Now the fun begins. New arrivals will naturally gravitate towards you, the host, both out of good manners in letting you know they’ve arrived and for reassurance. If they don’t, go towards them and welcome them. It’s important to do this now so you’re not held up later by having to greet them and exchange pleasantries at the same time as you’re introducing them. This is not the time for long conversations so just say hello and express pleasure in seeing them.
Once you’ve said hello, crack straight on with finding someone for them to talk to. At the start of the party, people are unlikely to be involved in in-depth conversations, so you don’t need to worry about interrupting. Creating a Social Buzz means someone needs to make it happen and that person is you.
If you lack experience, don’t worry about surnames unless you can be consistent with all your guests. Christian names only are fine these days. Bear in mind that people can’t take in too much verbal information when coming face-to-face with a stranger, so use short easy phrases such as “Bruno, this is Jocelyn.”

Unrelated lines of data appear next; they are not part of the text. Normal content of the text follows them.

lemma LogConf_loop_x0:
  assumes c: "(u0, v0, u1, v1, v2) \<in> LogConf" and x: "exp u0 = x0" "exp u1 = x1"
    and off: "cmod (0 - a) \<noteq> cmod (x0 - a)" "cmod (1 - a) \<noteq> cmod (x0 - a)"
      "cmod (x1 - a) \<noteq> cmod (x0 - a)"
  shows "path_component LogConf (u0, v0, u1, v1, v2)
           (u0 + circle_wind a x0 0, v0 + circle_wind a x0 1, u1, v1,
            v2 + circle_wind a x0 x1 - circle_wind a x0 0)"
proof -
  let ?\<gamma> = "circle_loop a x0"
  have e: "exp v0 = 1 - x0" "exp v1 = 1 - x1" "exp v2 = 1 - x1 / x0"
    using c x by (simp_all add: LogConf_iff)
  have ne: "x0 \<noteq> 0" "x0 \<noteq> 1" "x1 \<noteq> x0"
    using base_in_Conf[OF c] x by (auto simp: base_def Conf_def)
  obtain h0 where h0: "continuous_on {0..1} h0" "h0 0 = 0" "h0 1 = circle_wind a x0 0"
    "\<And>t. t \<in> {0..1} \<Longrightarrow> exp (h0 t) = (?\<gamma> t - 0) / (x0 - 0)"
    using circle_loop_log off(1) by blast
  obtain h1 where h1: "continuous_on {0..1} h1" "h1 0 = 0" "h1 1 = circle_wind a x0 1"
    "\<And>t. t \<in> {0..1} \<Longrightarrow> exp (h1 t) = (?\<gamma> t - 1) / (x0 - 1)"
    using circle_loop_log off(2) by blast
  obtain h2 where h2: "continuous_on {0..1} h2" "h2 0 = 0" "h2 1 = circle_wind a x0 x1"
    "\<And>t. t \<in> {0..1} \<Longrightarrow> exp (h2 t) = (?\<gamma> t - x1) / (x0 - x1)"
    using circle_loop_log off(3) by blast
  define g where "g t = (u0 + h0 t, v0 + h1 t, u1, v1, v2 + h2 t - h0 t)" for t
  have "path_component LogConf (g 0) (g 1)"
  proof (rule path_component_endpoints)
    show "continuous_on {0..1} g"
      unfolding g_def by (intro continuous_intros h0(1) h1(1) h2(1))
    fix t :: real assume t: "t \<in> {0..1}"
    have \<gamma>: "exp (u0 + h0 t) = ?\<gamma> t"
      using ne by (simp add: exp_add h0(4)[OF t] x)
    moreover have "exp (v0 + h1 t) = 1 - ?\<gamma> t"
      using ne by (simp add: exp_add h1(4)[OF t] e field_simps)
    moreover have "exp (v2 + h2 t - h0 t) = 1 - x1 / ?\<gamma> t"
    proof -
      have "?\<gamma> t \<noteq> 0" using \<gamma> by (metis exp_not_eq_zero)
      then show ?thesis
        using ne by (simp add: exp_add exp_diff h0(4)[OF t] h2(4)[OF t] e field_simps)
    qed
    ultimately show "g t \<in> LogConf"
      using e x by (simp add: g_def LogConf_iff)
  qed
  then show ?thesis
    by (simp add: g_def h0(2,3) h1(2,3) h2(2,3))
qed

definition period_vec :: "int \<Rightarrow> int \<Rightarrow> int \<Rightarrow> int \<Rightarrow> int \<Rightarrow> cfg" where
  "period_vec k0 l0 k1 l1 l2 = (period k0, period l0, period k1, period l1, period l2)"

definition LogConf_fibre :: "complex \<times> complex \<Rightarrow> cfg set" where
  "LogConf_fibre x = {c \<in> LogConf. base c = x}"

lemma LogConf_fibre_translate:
  "c \<in> LogConf_fibre x \<Longrightarrow> c + period_vec k0 l0 k1 l1 l2 \<in> LogConf_fibre x"
  by (cases c) (simp add: LogConf_fibre_def LogConf_iff base_def period_vec_def
      exp_add_period[simplified])

lemma LogConf_fibre_translate_back:
  "c \<in> LogConf_fibre x \<Longrightarrow> c - period_vec k0 l0 k1 l1 l2 \<in> LogConf_fibre x"
  using LogConf_fibre_translate[of c x "- k0" "- l0" "- k1" "- l1" "- l2"]
  by (simp add: period_vec_def diff_conv_add_uminus)

lemma LogConf_fibre_diff:
  assumes "c \<in> LogConf_fibre x" "c' \<in> LogConf_fibre x"
  obtains k0 l0 k1 l1 l2 where "c' = c + period_vec k0 l0 k1 l1 l2"
proof -
  obtain u0 v0 u1 v1 v2 u0' v0' u1' v1' v2' where
    c: "c = (u0, v0, u1, v1, v2)" and c': "c' = (u0', v0', u1', v1', v2')"
    by (cases c, cases c')
  have "exp u0' = exp u0" "exp v0' = exp v0" "exp u1' = exp u1" "exp v1' = exp v1"
    "exp v2' = exp v2"
    using assms by (auto simp: c c' LogConf_fibre_def LogConf_iff base_def)
  then obtain k0 l0 k1 l1 l2 where
    "u0' = u0 + period k0" "v0' = v0 + period l0" "u1' = u1 + period k1"
    "v1' = v1 + period l1" "v2' = v2 + period l2"
    by (metis exp_eq_period)
  then show ?thesis
    using that[of k0 l0 k1 l1 l2] by (simp add: c c' period_vec_def)
qed

text \<open>Under these hypotheses the circles through x0 about 0 and about 1 enclose x1 but not the other
  special point, while the circles through x1 about 0, 1 and x0 enclose none of the other special
  points. Lifting the five loops therefore realises the following translations.\<close>

lemma LogConf_fibre_generators:
  assumes near0: "cmod x1 < cmod x0" "cmod x0 < 1"
    and near1: "cmod (x1 - 1) < cmod (x0 - 1)" "cmod (x0 - 1) < 1"
    and near_x0: "cmod (x1 - x0) < cmod x0" "cmod (x1 - x0) < cmod (1 - x0)"
  shows "connects_by_translation LogConf (LogConf_fibre (x0, x1)) (period_vec 1 0 0 0 0)"
    "connects_by_translation LogConf (LogConf_fibre (x0, x1)) (period_vec 0 1 0 0 1)"
    "connects_by_translation LogConf (LogConf_fibre (x0, x1)) (period_vec 0 0 1 0 0)"
    "connects_by_translation LogConf (LogConf_fibre (x0, x1)) (period_vec 0 0 0 1 0)"
    "connects_by_translation LogConf (LogConf_fibre (x0, x1)) (period_vec 0 0 0 0 1)"
proof -
  have loops: "path_component LogConf c (c + period_vec 1 0 0 0 0)"
    "path_component LogConf c (c + period_vec 0 1 0 0 1)"
    "path_component LogConf c (c + period_vec 0 0 1 0 0)"
    "path_component LogConf c (c + period_vec 0 0 0 1 0)"
    "path_component LogConf c (c + period_vec 0 0 0 0 1)"
    if "c \<in> LogConf_fibre (x0, x1)" for c
  proof -
    obtain u0 v0 u1 v1 v2 where c: "c = (u0, v0, u1, v1, v2)" by (cases c)
    have lc: "(u0, v0, u1, v1, v2) \<in> LogConf" and x: "exp u0 = x0" "exp u1 = x1"
      using that by (auto simp: c LogConf_fibre_def base_def)
    have ne: "x0 \<noteq> 0" "x0 \<noteq> 1" "x1 \<noteq> 0" "x1 \<noteq> 1" "x1 \<noteq> x0"
      using base_in_Conf[OF lc] x by (auto simp: base_def Conf_def)
    note dist = near0 near1 near_x0
    have "path_component LogConf c
        (u0 + circle_wind 0 x0 0, v0 + circle_wind 0 x0 1, u1, v1,
         v2 + circle_wind 0 x0 x1 - circle_wind 0 x0 0)"
      unfolding c by (rule LogConf_loop_x0[OF lc x]) (use dist ne in simp_all)
    then show "path_component LogConf c (c + period_vec 1 0 0 0 0)"
      using dist ne by (simp add: c period_vec_def circle_wind_def)
    have "path_component LogConf c
        (u0 + circle_wind 1 x0 0, v0 + circle_wind 1 x0 1, u1, v1,
         v2 + circle_wind 1 x0 x1 - circle_wind 1 x0 0)"
      unfolding c by (rule LogConf_loop_x0[OF lc x]) (use dist ne in simp_all)
    then show "path_component LogConf c (c + period_vec 0 1 0 0 1)"
      using dist ne by (simp add: c period_vec_def circle_wind_def)
    have "path_component LogConf c
        (u0, v0, u1 + circle_wind 0 x1 0, v1 + circle_wind 0 x1 1, v2 + circle_wind 0 x1 x0)"
      unfolding c by (rule LogConf_loop_x1[OF lc x]) (use dist ne in simp_all)
    then show "path_component LogConf c (c + period_vec 0 0 1 0 0)"
      using dist ne by (simp add: c period_vec_def circle_wind_def)
    have "path_component LogConf c
        (u0, v0, u1 + circle_wind 1 x1 0, v1 + circle_wind 1 x1 1, v2 + circle_wind 1 x1 x0)"
      unfolding c by (rule LogConf_loop_x1[OF lc x]) (use dist ne in simp_all)
    then show "path_component LogConf c (c + period_vec 0 0 0 1 0)"
      using dist ne by (simp add: c period_vec_def circle_wind_def)
    have "path_component LogConf c
        (u0, v0, u1 + circle_wind x0 x1 0, v1 + circle_wind x0 x1 1, v2 + circle_wind x0 x1 x0)"
      unfolding c by (rule LogConf_loop_x1[OF lc x]) (use dist ne in simp_all)
    then show "path_component LogConf c (c + period_vec 0 0 0 0 1)"
      using dist ne by (simp add: c period_vec_def circle_wind_def)
  qed
  then show
    "connects_by_translation LogConf (LogConf_fibre (x0, x1)) (period_vec 1 0 0 0 0)"
    "connects_by_translation LogConf (LogConf_fibre (x0, x1)) (period_vec 0 1 0 0 1)"
    "connects_by_translation LogConf (LogConf_fibre (x0, x1)) (period_vec 0 0 1 0 0)"
    "connects_by_translation LogConf (LogConf_fibre (x0, x1)) (period_vec 0 0 0 1 0)"
    "connects_by_translation LogConf (LogConf_fibre (x0, x1)) (period_vec 0 0 0 0 1)"
    by (simp_all add: connects_by_translation_def loops LogConf_fibre_translate)
qed

lemma connects_by_translation_period_vec:
  assumes "connects_by_translation LogConf (LogConf_fibre x) (period_vec 1 0 0 0 0)"
    "connects_by_translation LogConf (LogConf_fibre x) (period_vec 0 1 0 0 1)"
    "connects_by_translation LogConf (LogConf_fibre x) (period_vec 0 0 1 0 0)"
    "connects_by_translation LogConf (LogConf_fibre x) (period_vec 0 0 0 1 0)"
    "connects_by_translation LogConf (LogConf_fibre x) (period_vec 0 0 0 0 1)"
  shows "connects_by_translation LogConf (LogConf_fibre x) (period_vec k0 l0 k1 l1 l2)"
proof -
  have "period_vec k0 l0 k1 l1 l2 =
      of_int k0 *\<^sub>R period_vec 1 0 0 0 0 + of_int l0 *\<^sub>R period_vec 0 1 0 0 1 +
      of_int k1 *\<^sub>R period_vec 0 0 1 0 0 + of_int l1 *\<^sub>R period_vec 0 0 0 1 0 +
      of_int (l2 - l0) *\<^sub>R period_vec 0 0 0 0 1"
    by (simp add: period_vec_def scaleR_conv_of_real algebra_simps)
  then show ?thesis
    by (simp only:) (intro connects_by_translation_add connects_by_translation_of_int assms
        LogConf_fibre_translate_back)
qed

definition base0 :: "complex \<times> complex" where
  "base0 = (Complex (1/2) (1/2), 1/2)"

lemma base0_in_Conf: "base0 \<in> Conf"
  by (simp add: base0_def Conf_def complex_eq_iff)

lemma LogConf_fibre_base0_connected:
  assumes "c \<in> LogConf_fibre base0" "c' \<in> LogConf_fibre base0"
  shows "path_component LogConf c c'"
proof -
  let ?x0 = "Complex (1/2) (1/2)" and ?x1 = "1/2 :: complex"
  have dist: "cmod ?x1 < cmod ?x0" "cmod ?x0 < 1" "cmod (?x1 - 1) < cmod (?x0 - 1)"
    "cmod (?x0 - 1) < 1" "cmod (?x1 - ?x0) < cmod ?x0" "cmod (?x1 - ?x0) < cmod (1 - ?x0)"
    unfolding cmod_def by (simp_all add: power2_eq_square)
  obtain k0 l0 k1 l1 l2 where "c' = c + period_vec k0 l0 k1 l1 l2"
    using LogConf_fibre_diff assms by blast
  moreover have "connects_by_translation LogConf (LogConf_fibre base0) (period_vec k0 l0 k1 l1 l2)"
    unfolding base0_def
    by (rule connects_by_translation_period_vec; rule LogConf_fibre_generators[OF dist])
  ultimately show ?thesis
    using assms by (simp add: connects_by_translation_def)
qed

It’s courteous to tell each person something about the other in order for them to create a conversation, such as “Jocelyn and I were at school together” and “I met Bruno when we were studying at the same college.” Notice that I haven’t mentioned the name of the school or the college – this creates intrigue and the chances are that your guests will inquire which school or university it was – the start of a conversation.
Once you’ve made the introduction, move away immediately. This is important so as not to get stuck into a conversation which will take you away from your task of making sure all your guests are introduced.
Return to your original position somewhere near the entrance to the room and repeat the procedure for all the guests as they arrive.
Congratulations! You’ll have taken your first steps in creating The Social Buzz.